- _Exercise objective_:
Write out all of the data again, precisely as it appears.

-- Data for review follows --

(* Let $\{(\mathbf{x}^n,\mathbf{Z}^n,\Gamma^n)\}$ be generated by the SPULTRA iteration defined in the context (with exact image update) from some initialization with $\mathbf{x}^0\in\mathcal{X}$. Suppose a subsequence $\{(\mathbf{x}^{q_m},\mathbf{Z}^{q_m-1},\Gamma^{q_m-1})\}_m$ converges to $(\mathbf{x}^*,\mathbf{Z}^{**},\Gamma^{**})$. Then $\{\mathbf{x}^{q_m-1}\}_m$ also converges to $\mathbf{x}^*$, and $\mathbf{x}^*$ is the unique minimizer over $\mathbf{x}$ of $F(\mathbf{x},\mathbf{Z}^{**},\Gamma^{**};\mathbf{x}^* )$.
   Context: Data and model. $\mathbf{A}\in\mathbb{R}^{N_d\times N_p}$ is a matrix with nonnegative entries; write $l_i(\mathbf{x})=[\mathbf{A}\mathbf{x}]_i$. Constants: $I_0>0$, $\sigma^2\ge 0$, measurements $Y_i\in\mathbb{R}$, coefficients $s_{1_i},s_{2_i}\in\mathbb{R}$, $x_{\max}>0$. Let $f_i(l)=s_{1_i}l+s_{2_i}l^2$ and $$h_i(l)=\big(I_0e^{-f_i(l)}+\sigma^2\big)-Y_i\log\big(I_0e^{-f_i(l)}+\sigma^2\big),\qquad \mathsf{L}(\mathbf{x})=\sum_{i=1}^{N_d}h_i(l_i(\mathbf{x})).$$ Let $\mathcal{X}=\{\mathbf{x}\in\mathbb{R}^{N_p}:0\le x_j\le x_{\max}\ \forall j\}$ and $\mathfrak{X}(\mathbf{x})=0$ if $\mathbf{x}\in\mathcal{X}$, $+\infty$ otherwise. Regularizer. For $j=1,\dots,\tilde N$, $\mathbf{P}_j\in\mathbb{R}^{v\times N_p}$ extracts the $j$-th patch of $v$ voxels (a row-selection matrix); assume every voxel belongs to at least one patch. $\boldsymbol{\Omega}_1,\dots,\boldsymbol{\Omega}_K\in\mathbb{R}^{v\times v}$ are fixed nonsingular (pre-learned) transforms. Weights $\tau_j>0$, and $\beta>0$, $\gamma_c>0$. Variables: sparse code matrix $\mathbf{Z}=[\mathbf{z}_1,\dots,\mathbf{z}_{\tilde N}]$ with $\mathbf{z}_j\in\mathbb{R}^v$, and class vector $\Gamma\in\{1,\dots,K\}^{\tilde N}$. Define $$\mathsf{R}(\mathbf{x},\mathbf{Z},\Gamma)=\beta\sum_{j=1}^{\tilde N}\tau_j\Big(\|\boldsymbol{\Omega}_{\Gamma_j}\mathbf{P}_j\mathbf{x}-\mathbf{z}_j\|_2^2+\gamma_c^2\|\mathbf{z}_j\|_0\Big),$$ where $\|\cdot\|_0$ counts nonzero entries. The objective is $G(\mathbf{x},\mathbf{Z},\Gamma)=\mathsf{L}(\mathbf{x})+\mathsf{R}(\mathbf{x},\mathbf{Z},\Gamma)+\mathfrak{X}(\mathbf{x})$. Surrogates. Curvature functions $c_i:[0,\infty)\to(0,\infty)$ are continuous and chosen so that, with $$q_i(l;\bar l)=h_i(\bar l)+\dot h_i(\bar l)(l-\bar l)+\tfrac12 c_i(\bar l)(l-\bar l)^2,$$ one has $h_i(l)\le q_i(l;\bar l)$ for all $l\ge0$, $\bar l\ge 0$ (as achieved by the optimum-curvature rule $c_i(\bar l)=2\,[h_i(0)-h_i(\bar l)+\bar l\,\dot h_i(\bar l)]/\bar l^2$ for $\bar l>0$, $c_i(0)=\ddot h_i(0)$, with nonpositive values replaced by a small positive constant). For $\bar{\mathbf{x}}\in\mathcal{X}$ define the majorizer $$F(\mathbf{x},\mathbf{Z},\Gamma;\bar{\mathbf{x}})=\sum_{i=1}^{N_d}q_i\big(l_i(\mathbf{x});l_i(\bar{\mathbf{x}})\big)+\mathsf{R}(\mathbf{x},\mathbf{Z},\Gamma)+\mathfrak{X}(\mathbf{x}).$$ SPULTRA iteration (exact version). Given $(\mathbf{x}^n,\mathbf{Z}^n,\Gamma^n)$: image update $\mathbf{x}^{n+1}\in\arg\min_{\mathbf{x}}F(\mathbf{x},\mathbf{Z}^n,\Gamma^n;\mathbf{x}^n)$; then sparse coding and clustering $(\mathbf{Z}^{n+1},\Gamma^{n+1})\in\arg\min_{\mathbf{Z},\Gamma}\mathsf{R}(\mathbf{x}^{n+1},\mathbf{Z},\Gamma)$ (computed exactly: for each $j$, $\Gamma_j^{n+1}$ minimizes over $k$ the value $\|\boldsymbol{\Omega}_k\mathbf{P}_j\mathbf{x}^{n+1}-H_{\gamma_c}(\boldsymbol{\Omega}_k\mathbf{P}_j\mathbf{x}^{n+1})\|_2^2+\gamma_c^2\|H_{\gamma_c}(\boldsymbol{\Omega}_k\mathbf{P}_j\mathbf{x}^{n+1})\|_0$ and $\mathbf{z}_j^{n+1}=H_{\gamma_c}(\boldsymbol{\Omega}_{\Gamma_j^{n+1}}\mathbf{P}_j\mathbf{x}^{n+1})$, where $H_{\gamma_c}$ zeroes entries of magnitude less than $\gamma_c$ and keeps the others). *)

theory Defs
  imports "HOL-Analysis.Analysis"
begin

-- Data for review concluded --

- _Answer area_:
(* Let $\{(\mathbf{x}^n,\mathbf{Z}^n,\Gamma^n)\}$ be generated by the SPULTRA iteration defined in the context (with exact image update) from some initialization with $\mathbf{x}^0\in\mathcal{X}$. Suppose a subsequence $\{(\mathbf{x}^{q_m},\mathbf{Z}^{q_m-1},\Gamma^{q_m-1})\}_m$ converges to $(\mathbf{x}^*,\mathbf{Z}^{**},\Gamma^{**})$. Then $\{\mathbf{x}^{q_m-1}\}_m$ also converges to $\mathbf{x}^*$, and $\mathbf{x}^*$ is the unique minimizer over $\mathbf{x}$ of $F(\mathbf{x},\mathbf{Z}^{**},\Gamma^{**};\mathbf{x}^* )$.
   Context: Data and model. $\mathbf{A}\in\mathbb{R}^{N_d\times N_p}$ is a matrix with nonnegative entries; write $l_i(\mathbf{x})=[\mathbf{A}\mathbf{x}]_i$. Constants: $I_0>0$, $\sigma^2\ge 0$, measurements $Y_i\in\mathbb{R}$, coefficients $s_{1_i},s_{2_i}\in\mathbb{R}$, $x_{\max}>0$. Let $f_i(l)=s_{1_i}l+s_{2_i}l^2$ and $$h_i(l)=\big(I_0e^{-f_i(l)}+\sigma^2\big)-Y_i\log\big(I_0e^{-f_i(l)}+\sigma^2\big),\qquad \mathsf{L}(\mathbf{x})=\sum_{i=1}^{N_d}h_i(l_i(\mathbf{x})).$$ Let $\mathcal{X}=\{\mathbf{x}\in\mathbb{R}^{N_p}:0\le x_j\le x_{\max}\ \forall j\}$ and $\mathfrak{X}(\mathbf{x})=0$ if $\mathbf{x}\in\mathcal{X}$, $+\infty$ otherwise. Regularizer. For $j=1,\dots,\tilde N$, $\mathbf{P}_j\in\mathbb{R}^{v\times N_p}$ extracts the $j$-th patch of $v$ voxels (a row-selection matrix); assume every voxel belongs to at least one patch. $\boldsymbol{\Omega}_1,\dots,\boldsymbol{\Omega}_K\in\mathbb{R}^{v\times v}$ are fixed nonsingular (pre-learned) transforms. Weights $\tau_j>0$, and $\beta>0$, $\gamma_c>0$. Variables: sparse code matrix $\mathbf{Z}=[\mathbf{z}_1,\dots,\mathbf{z}_{\tilde N}]$ with $\mathbf{z}_j\in\mathbb{R}^v$, and class vector $\Gamma\in\{1,\dots,K\}^{\tilde N}$. Define $$\mathsf{R}(\mathbf{x},\mathbf{Z},\Gamma)=\beta\sum_{j=1}^{\tilde N}\tau_j\Big(\|\boldsymbol{\Omega}_{\Gamma_j}\mathbf{P}_j\mathbf{x}-\mathbf{z}_j\|_2^2+\gamma_c^2\|\mathbf{z}_j\|_0\Big),$$ where $\|\cdot\|_0$ counts nonzero entries. The objective is $G(\mathbf{x},\mathbf{Z},\Gamma)=\mathsf{L}(\mathbf{x})+\mathsf{R}(\mathbf{x},\mathbf{Z},\Gamma)+\mathfrak{X}(\mathbf{x})$. Surrogates. Curvature functions $c_i:[0,\infty)\to(0,\infty)$ are continuous and chosen so that, with $$q_i(l;\bar l)=h_i(\bar l)+\dot h_i(\bar l)(l-\bar l)+\tfrac12 c_i(\bar l)(l-\bar l)^2,$$ one has $h_i(l)\le q_i(l;\bar l)$ for all $l\ge0$, $\bar l\ge 0$ (as achieved by the optimum-curvature rule $c_i(\bar l)=2\,[h_i(0)-h_i(\bar l)+\bar l\,\dot h_i(\bar l)]/\bar l^2$ for $\bar l>0$, $c_i(0)=\ddot h_i(0)$, with nonpositive values replaced by a small positive constant). For $\bar{\mathbf{x}}\in\mathcal{X}$ define the majorizer $$F(\mathbf{x},\mathbf{Z},\Gamma;\bar{\mathbf{x}})=\sum_{i=1}^{N_d}q_i\big(l_i(\mathbf{x});l_i(\bar{\mathbf{x}})\big)+\mathsf{R}(\mathbf{x},\mathbf{Z},\Gamma)+\mathfrak{X}(\mathbf{x}).$$ SPULTRA iteration (exact version). Given $(\mathbf{x}^n,\mathbf{Z}^n,\Gamma^n)$: image update $\mathbf{x}^{n+1}\in\arg\min_{\mathbf{x}}F(\mathbf{x},\mathbf{Z}^n,\Gamma^n;\mathbf{x}^n)$; then sparse coding and clustering $(\mathbf{Z}^{n+1},\Gamma^{n+1})\in\arg\min_{\mathbf{Z},\Gamma}\mathsf{R}(\mathbf{x}^{n+1},\mathbf{Z},\Gamma)$ (computed exactly: for each $j$, $\Gamma_j^{n+1}$ minimizes over $k$ the value $\|\boldsymbol{\Omega}_k\mathbf{P}_j\mathbf{x}^{n+1}-H_{\gamma_c}(\boldsymbol{\Omega}_k\mathbf{P}_j\mathbf{x}^{n+1})\|_2^2+\gamma_c^2\|H_{\gamma_c}(\boldsymbol{\Omega}_k\mathbf{P}_j\mathbf{x}^{n+1})\|_0$ and $\mathbf{z}_j^{n+1}=H_{\gamma_c}(\boldsymbol{\Omega}_{\Gamma_j^{n+1}}\mathbf{P}_j\mathbf{x}^{n+1})$, where $H_{\gamma_c}$ zeroes entries of magnitude less than $\gamma_c$ and keeps the others). *)

theory Defs
  imports "HOL-Analysis.Analysis"
begin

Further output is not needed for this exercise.